Seboomook Lake is an unorganized territory in Somerset County, Maine, United States. The population was 23 at the 2020 census.

Geography
According to the United States Census Bureau, the unorganized territory has a total area of 3,715.8 km2 (1,434.7 mi2). 3,628.4 km2 (1,400.9 mi2) of it is land and 87.4 km2 (33.8 mi2) of it (2.35%) is water.

Seboomook Lake

Seboomook Lake is a reservoir on the West Branch Penobscot River. The reservoir extends upstream from Seboomook Dam in Seboomook Township, through Plymouth Township, to the confluence of the North Branch and South Branch Penobscot River in Pittston Academy Grant.

Townships
The territory consists of 40 townships plus portions of three other townships (shared with Northeast Somerset).

 Tomhegan
 Brassua
 Thorndike
 Sandy Bay
 Bald Mountain (T4R3)
 Alder Brook
 Soldiertown
 West Middlesex Canal Grant
 Big W
 Little W
 Seboomook
 Plymouth
 Pittston Academy Grant
 Hammond
 Prentiss
 Blake Gore
 T4R5 NBKP
 Dole Brook
 Comstock
 T4R17 WELS
 Elm Stream
 Russell Pond
 T5R17 WELS
 T5R18 WELS
 T5R19 WELS
 T5R20 WELS
 Big Six
 T6R18 WELS
 T6R17 WELS
 Saint John
 T7R16 WELS
 T7R17 WELS
 T7R18 WELS
 T7R19 WELS
 T8R16 WELS
 T8R17 WELS
 T8R18 WELS
 T8R19 WELS
 T9R16 WELS
 T9R17 WELS
 T9R18 WELS
Big Ten
T10R16 WELS

Demographics

At the 2000 census there were 45 people in 22 households, including 11 families, in the unorganized territory.
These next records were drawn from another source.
(* Let $\mathcal{X}\subset\mathbb{R}$ be closed and $H\ge1$. For any $f_0\in\mathcal{F}^H$ and any $\epsilon>0$ there exist a knot set $\mathcal{T}$ and a local extrema spline $f^{LX}$ defined on $\mathcal{T}$ such that $\|f_0-f^{LX}\|_\infty<\epsilon$, where $\|g\|_\infty=\sup_{x\in\mathcal{X}}|g(x)|$.
   Context: $\mathcal{F}^{H}$ is the set of continuously differentiable functions $f:\mathcal{X}\to\mathbb{R}$ having $H$ or fewer local extrema interior to $\mathcal{X}$. A local extrema spline on a knot set $\mathcal{T}=\{\tau_k\}_{k=1}^K$ ($\tau_1\le\dots\le\tau_K$, including end knots) is a function $f(x)=\sum_{k=0}^{K+j-1}\beta_kB^{\ast}_{(j,k)}(x)$, for some order $j\ge1$, with $\beta_0\in\mathbb{R}$, $\beta_k\ge0$ for $k\ge1$, where $B^{\ast}_{(j,0)}=1$ and $B^{\ast}_{(j,k)}(x)=M\int_{-\infty}^x\{\prod_{h=1}^H(\xi-\alpha_h)\}B_{(j,k)}(\xi)\,d\xi$ for $k\ge1$, with $B_{(j,k)}$ the order-$j$ B-spline basis functions on $\mathcal{T}$, $\alpha_1,\dots,\alpha_H$ distinct real numbers (change points, which may lie outside $\mathcal{X}$), and $M\in\{-1,1\}$ (which may be chosen to be either sign). *)

theory Defs
  imports "HOL-Analysis.Analysis"
begin

text \<open>Domain X = {a..b} (closed bounded interval). Continuously differentiable on X:
  a derivative exists on X (one-sided at the end points) and is continuous on X.\<close>
definition C1_on :: "real set \<Rightarrow> (real \<Rightarrow> real) \<Rightarrow> bool" where
  "C1_on X f \<longleftrightarrow> (\<exists>f'. (\<forall>x\<in>X. (f has_real_derivative f' x) (at x within X))
                          \<and> continuous_on X f')"

definition local_extremum :: "(real \<Rightarrow> real) \<Rightarrow> real \<Rightarrow> bool" where
  "local_extremum f x \<longleftrightarrow>
     (\<exists>e>0. \<forall>y. \<bar>y - x\<bar> < e \<longrightarrow> f y \<le> f x) \<or>
     (\<exists>e>0. \<forall>y. \<bar>y - x\<bar> < e \<longrightarrow> f x \<le> f y)"

definition FH :: "nat \<Rightarrow> real set \<Rightarrow> (real \<Rightarrow> real) set" where
  "FH H X = {f. C1_on X f \<and>
     finite {x \<in> interior X. local_extremum f x} \<and>
     card {x \<in> interior X. local_extremum f x} \<le> H}"

text \<open>B-splines via the Cox--de Boor recursion on an (extended) knot sequence t.
  Convention: division by zero gives 0 (Isabelle), matching the usual 0/0 = 0 convention.\<close>
fun bspl :: "(nat \<Rightarrow> real) \<Rightarrow> nat \<Rightarrow> nat \<Rightarrow> real \<Rightarrow> real" where
  "bspl t 0 i x = 0"
| "bspl t (Suc 0) i x = (if t i \<le> x \<and> x < t (Suc i) then 1 else 0)"
| "bspl t (Suc (Suc j)) i x =
     (x - t i) / (t (i + Suc j) - t i) * bspl t (Suc j) i x
   + (t (i + Suc (Suc j)) - x) / (t (i + Suc (Suc j)) - t (Suc i)) * bspl t (Suc j) (Suc i) x"

text \<open>Clamped extension of the knot list tau = [tau_1,...,tau_K] for order j:
  tau_1 repeated j times at the left, tau_K repeated (indefinitely) at the right.\<close>
definition ext_knots :: "nat \<Rightarrow> real list \<Rightarrow> nat \<Rightarrow> real" where
  "ext_knots j tau i = tau ! min (length tau - 1) (i - (j - 1))"

definition Bsp :: "nat \<Rightarrow> real list \<Rightarrow> nat \<Rightarrow> real \<Rightarrow> real" where
  "Bsp j tau k x = bspl (ext_knots j tau) j (k - 1) x"

definition Bstar :: "nat \<Rightarrow> (nat \<Rightarrow> real) \<Rightarrow> real \<Rightarrow> nat \<Rightarrow> real list \<Rightarrow> nat \<Rightarrow> real \<Rightarrow> real" where
  "Bstar H alpha M j tau k x =
     (if k = 0 then 1
      else M * integral {..x} (\<lambda>\<xi>. (\<Prod>h=1..H. \<xi> - alpha h) * Bsp j tau k \<xi>))"

definition lx_spline :: "nat \<Rightarrow> real list \<Rightarrow> (real \<Rightarrow> real) \<Rightarrow> bool" where
  "lx_spline H tau f \<longleftrightarrow> sorted tau \<and> length tau \<ge> 2 \<and>
     (\<exists>(j::nat) (beta::nat \<Rightarrow> real) (alpha::nat \<Rightarrow> real) (M::real).
        j \<ge> 1 \<and> (\<forall>k\<ge>1. beta k \<ge> 0) \<and> inj_on alpha {1..H} \<and> M \<in> {-1, 1} \<and>
        f = (\<lambda>x. \<Sum>k=0..length tau + j - 1. beta k * Bstar H alpha M j tau k x))"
There were 368 housing units at an average density of 0.1/km2 (0.3/mi2).  The racial makeup of the unorganized territory was 100% White.
Of the 22 households 18.2% had children under the age of 18 living with them, 50% were married couples living together, 4.5% had a female householder with no husband present, and 45.5% were non-families. 40.9% of households were one person and 4.5% were one person aged 65 or older. The average household size was 2.05 and the average family size was 2.75.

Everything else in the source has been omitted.